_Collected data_
lemma distinct_std_vertex_list: "distinct std_vertex_list"
proof -
  have "0 < 1 / golden" "1 / golden < 1" using golden_gt_1 by auto
  then have "golden \<noteq> 1" "golden \<noteq> -1" "golden \<noteq> 0" "1/golden \<noteq> 1" "1/golden \<noteq> -1"
    "1/golden \<noteq> 0" "1/golden \<noteq> golden" "1/golden \<noteq> -golden" "-(1/golden) \<noteq> golden"
    using golden_gt_1 by linarith+
  then show ?thesis unfolding std_vertex_list_def by (simp add: vector3_eq_iff)
qed

lemma sum_std_vertices: "(\<Sum>v\<in>std_dodecahedron_vertices. g v) = sum_list (map g std_vertex_list)"
  by (simp add: std_vertex_list_set sum.distinct_set_conv_list distinct_std_vertex_list)

(* The antipodal vertex pairs (+-1,+-1,+-1) span R^3; with similarity_sphere_centre
   this pins down the circumcentre. *)
lemma std_antipodes_span:
  assumes "\<And>v. v \<in> std_dodecahedron_vertices \<Longrightarrow> - v \<in> std_dodecahedron_vertices \<Longrightarrow> inner u v = 0"
  shows "u = 0"
proof -
  have "inner u (vector [1, 1, 1]) = 0" "inner u (vector [1, 1, -1]) = 0"
    "inner u (vector [1, -1, 1]) = 0" "inner u (vector [-1, 1, 1]) = 0"
    using assms unfolding std_vertex_list_set by (simp_all add: std_vertex_list_def uminus_vector3)
  then show ?thesis unfolding inner_vector3 by (simp add: vec_eq_iff forall_3)
qed

lemma std_vertices_norm: "v \<in> std_dodecahedron_vertices \<Longrightarrow> norm v = sqrt 3"
  using golden_sq_plus_inverse_sq
  by (auto simp: std_vertex_list_set std_vertex_list_def norm_vector3 power2_eq_square add_ac)

lemma regular_dodecahedron_normal_form:
  assumes "regular_dodecahedron_vertices V" and "V \<subseteq> sphere c R"
  obtains r f where "r > 0" "orthogonal_transformation f"
    "V = (\<lambda>v. c + r *\<^sub>R f v) ` std_dodecahedron_vertices" "R = r * sqrt 3"
proof -
  obtain c' r f where r: "r > 0" and f: "orthogonal_transformation f"
    and V: "V = (\<lambda>v. c' + r *\<^sub>R f v) ` std_dodecahedron_vertices"
    using assms(1) unfolding regular_dodecahedron_vertices_def by blast
  have "c' = c"
    using similarity_sphere_centre[OF f r _ std_antipodes_span] assms(2) V by blast
  have "vector [1, 1, 1] \<in> std_dodecahedron_vertices"
    by (simp add: std_vertex_list_set std_vertex_list_def)
  then have "R = r * sqrt 3"
    using assms(2) std_vertices_norm r unfolding V \<open>c' = c\<close>
    by (auto simp: dist_norm orthogonal_transformation_norm[OF f])
  then show ?thesis using that r f V \<open>c' = c\<close> by blast
qed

_Exercise aim_
Write out each line above containing "lambda".

_Solution below_
    "V = (\<lambda>v. c + r *\<^sub>R f v) ` std_dodecahedron_vertices" "R = r * sqrt 3"
    and V: "V = (\<lambda>v. c' + r *\<^sub>R f v) ` std_dodecahedron_vertices"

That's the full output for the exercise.